_TASK STATEMENT_:
Once you have checked each line below, report only the number of lines that contain the word "arbitrary".

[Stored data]
lemma col_minor_insort:
  assumes qi: "q * qi = 1" and "respects_Aq_rels q qi n h (length u + Suc (length b))"
    and "card J = length u + Suc (length b)" "J \<subseteq> {1..n}"
    and "x \<in> {1..n}" "set b \<subseteq> {1..n}" "set u \<subseteq> {1..n}" "sorted b"
  shows "col_minor q h (u @ x # b) J =
    (-q) ^ length (filter (\<lambda>y. y < x) b) * col_minor q h (u @ insort x b) J"
  using assms(2-)
proof (induction b arbitrary: u)
  case Nil
  then show ?case by simp
next
  case (Cons b1 b)
  show ?case
  proof (cases "x \<le> b1")
    case True
    then have "filter (\<lambda>y. y < x) (b1 # b) = []"
      using Cons.prems(7) by (auto simp: filter_empty_conv)
    then show ?thesis using True by simp
  next
    case False
    have "col_minor q h (u @ x # b1 # b) J = -q * col_minor q h ((u @ [b1]) @ x # b) J"
      using False Cons.prems by (subst col_minor_swap_adjacent[OF qi]) auto
    also have "\<dots> = -q * ((-q) ^ length (filter (\<lambda>y. y < x) b) *
        col_minor q h ((u @ [b1]) @ insort x b) J)"
      using Cons.prems by (subst Cons.IH) auto
    finally show ?thesis using False by simp
  qed
qed

lemma col_minor_sort:
  assumes qi: "q * qi = 1" and "respects_Aq_rels q qi n h (length a)"
    and "card J = length a" "J \<subseteq> {1..n}" "set a \<subseteq> {1..n}"
  shows "col_minor q h a J = (-q) ^ ninv a * col_minor q h (sort a) J"
  using assms(2-)
proof (induction a arbitrary: h J)
  case Nil
  then show ?case by (simp add: ninv_def)
next
  case (Cons x a)
  have fJ: "finite J" and ne: "J \<noteq> {}" using Cons.prems finite_subset by auto
  have "col_minor q (\<lambda>v. h ((x, c) # v)) a (J - {c}) =
      (-q) ^ ninv a * col_minor q (\<lambda>v. h ((x, c) # v)) (sort a) (J - {c})" if "c \<in> J" for c
    using Cons.prems that fJ by (intro Cons.IH respects_Aq_rels_Cons) auto
  then have "col_minor q h (x # a) J = (-q) ^ ninv a * col_minor q h ([] @ x # sort a) J"
    by (simp add: col_minor_Cons[OF fJ ne] sum_distrib_left mult_ac cong: sum.cong)
  moreover have "col_minor q h ([] @ x # sort a) J =
      (-q) ^ length (filter (\<lambda>y. y < x) (sort a)) * col_minor q h ([] @ insort x (sort a)) J"
    using Cons.prems by (intro col_minor_insort[OF qi]) auto
  moreover have "length (filter (\<lambda>y. y < x) (sort a)) = length (filter (\<lambda>y. y < x) a)"
    by (metis mset_filter mset_sort size_mset)
  ultimately show ?case by (simp add: ninv_Cons power_add mult_ac)
qed

lemma sorted_not_distinct_adjacent:
  assumes "sorted xs" "\<not> distinct xs"
  obtains u x v where "xs = u @ x # x # v"
  using assms
proof (induction xs arbitrary: thesis)
  case Nil
  then show ?case by simp
next
  case (Cons y xs)
  show ?case
  proof (cases "distinct xs")
    case True
    then have "y \<in> set xs" using Cons.prems by simp
    then obtain zs where "xs = y # zs"
      using Cons.prems(2) by (cases xs) (auto simp: antisym)
    then show ?thesis using Cons.prems(1)[of "[]"] by simp
  next
    case False
    then show ?thesis using Cons.IH[of thesis] Cons.prems by (metis append_Cons sorted_simps(2))
  qed
qed

lemma col_minor_not_distinct:
  assumes qi: "q * qi = 1" and h: "respects_Aq_rels q qi n h (length a)"
    and J: "card J = length a" "J \<subseteq> {1..n}" and a: "set a \<subseteq> {1..n}" and "\<not> distinct a"
  shows "col_minor q h a J = 0"
proof -
  obtain u x v where s: "sort a = u @ x # x # v"
    using sorted_not_distinct_adjacent[of "sort a"] \<open>\<not> distinct a\<close> by (metis distinct_sort sorted_sort)
  have "set (sort a) \<subseteq> {1..n}" "length (sort a) = length a" using a by simp_all
  then have "col_minor q h (sort a) J = 0"
    unfolding s using h J by (intro col_minor_repeat_adjacent) auto
  then show ?thesis using col_minor_sort[OF qi h J a] by simp
qed

section \<open>Moving the permutation from the columns to the rows\<close>

lemma sorted_list_of_set_least_Cons:
  assumes "finite I" "i \<in> I" "\<forall>z\<in>I. i \<le> z"
  shows "sorted_list_of_set I = i # sorted_list_of_set (I - {i})"
proof -
  have "Min I = i" using assms by (intro Min_eqI) auto
  then show ?thesis using sorted_list_of_set_nonempty[of I] assms by auto
qed

lemma sum_count_less_remove_least:
  fixes F :: "nat \<Rightarrow> 'a::comm_ring_1"
  assumes "finite J" "j \<in> J" "\<forall>z\<in>J. j \<le> z"
  shows "(\<Sum>c\<in>J. (-q) ^ card {z\<in>J. z < c} * F c) =
    F j + (-q) * (\<Sum>c\<in>J - {j}. (-q) ^ card {z\<in>J - {j}. z < c} * F c)"
proof -
  have "{z\<in>J. z < j} = {}" using assms(3) by force
  then have "(-q) ^ card {z\<in>J. z < j} * F j = F j" by (simp only: card.empty power_0 mult_1)
  then have "(\<Sum>c\<in>J. (-q) ^ card {z\<in>J. z < c} * F c) =
      F j + (\<Sum>c\<in>J - {j}. (-q) ^ card {z\<in>J. z < c} * F c)"
    using sum.remove[OF assms(1,2), of "\<lambda>c. (-q) ^ card {z\<in>J. z < c} * F c"] by (simp only:)
  also have "(\<Sum>c\<in>J - {j}. (-q) ^ card {z\<in>J. z < c} * F c) =
      (\<Sum>c\<in>J - {j}. (-q) * ((-q) ^ card {z\<in>J - {j}. z < c} * F c))"
  proof (rule sum.cong[OF refl])
    fix c assume "c \<in> J - {j}"
    then have "card {z\<in>J. z < c} = Suc (card {z\<in>J - {j}. z < c})"
      using assms by (intro card_less_remove) force+
    then show "(-q) ^ card {z\<in>J. z < c} * F c = (-q) * ((-q) ^ card {z\<in>J - {j}. z < c} * F c)"
      by simp
  qed
  finally show ?thesis by (simp add: sum_distrib_left)
qed

lemma col_minor_sorted_Cons:
  assumes "finite I" "i \<in> I" "\<forall>z\<in>I. i \<le> z" "finite J" "J \<noteq> {}"
  shows "col_minor q h (sorted_list_of_set I) J = (\<Sum>c\<in>J. (-q) ^ card {z\<in>J. z < c} *
    col_minor q (\<lambda>v. h ((i, c) # v)) (sorted_list_of_set (I - {i})) (J - {c}))"
  unfolding sorted_list_of_set_least_Cons[OF assms(1-3)] by (rule col_minor_Cons[OF assms(4,5)])

text \<open>The transposition identity in size k, for all functionals at once, so that it can serve
  as induction hypothesis for the smaller minors produced by the Laplace expansions.\<close>
definition col_minor_transposable :: "'a::comm_ring_1 \<Rightarrow> 'a \<Rightarrow> nat \<Rightarrow> nat \<Rightarrow> bool"
  where "col_minor_transposable q qi n k \<longleftrightarrow>
    (\<forall>h I J. respects_Aq_rels q qi n h k \<longrightarrow> card I = k \<longrightarrow> card J = k \<longrightarrow>
       I \<subseteq> {1..n} \<longrightarrow> J \<subseteq> {1..n} \<longrightarrow>
       col_minor q h (sorted_list_of_set I) J =
       col_minor q (\<lambda>v. h (map prod.swap v)) (sorted_list_of_set J) I)"

lemma col_minor_transposableD:
  assumes "col_minor_transposable q qi n k" "respects_Aq_rels q qi n h k" "card I = k" "card J = k"
    "I \<subseteq> {1..n}" "J \<subseteq> {1..n}"
  shows "col_minor q h (sorted_list_of_set I) J =
    col_minor q (\<lambda>v. h (map prod.swap v)) (sorted_list_of_set J) I"
  using assms unfolding col_minor_transposable_def by blast

lemma col_minor_transpose_expand:
  assumes T: "col_minor_transposable q qi n k" and h: "respects_Aq_rels q qi n h k"
    and IJ: "card I = k" "card J = k" "I \<subseteq> {1..n}" "J \<subseteq> {1..n}"
    and j: "j \<in> J" "\<forall>z\<in>J. j \<le> z"
  shows "col_minor q h (sorted_list_of_set I) J = (\<Sum>r\<in>I. (-q) ^ card {z\<in>I. z < r} *
    col_minor q (\<lambda>v. h ((r, j) # map prod.swap v)) (sorted_list_of_set (J - {j})) (I - {r}))"
proof -
  have "finite I" "finite J" using IJ finite_subset by auto
  moreover have "I \<noteq> {}" using IJ j \<open>finite J\<close> by (metis card.empty card_0_eq empty_iff)
  ultimately show ?thesis
    unfolding col_minor_transposableD[OF T h IJ]
    using j by (subst col_minor_sorted_Cons) auto
qed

_WRITTEN RESPONSE_:
3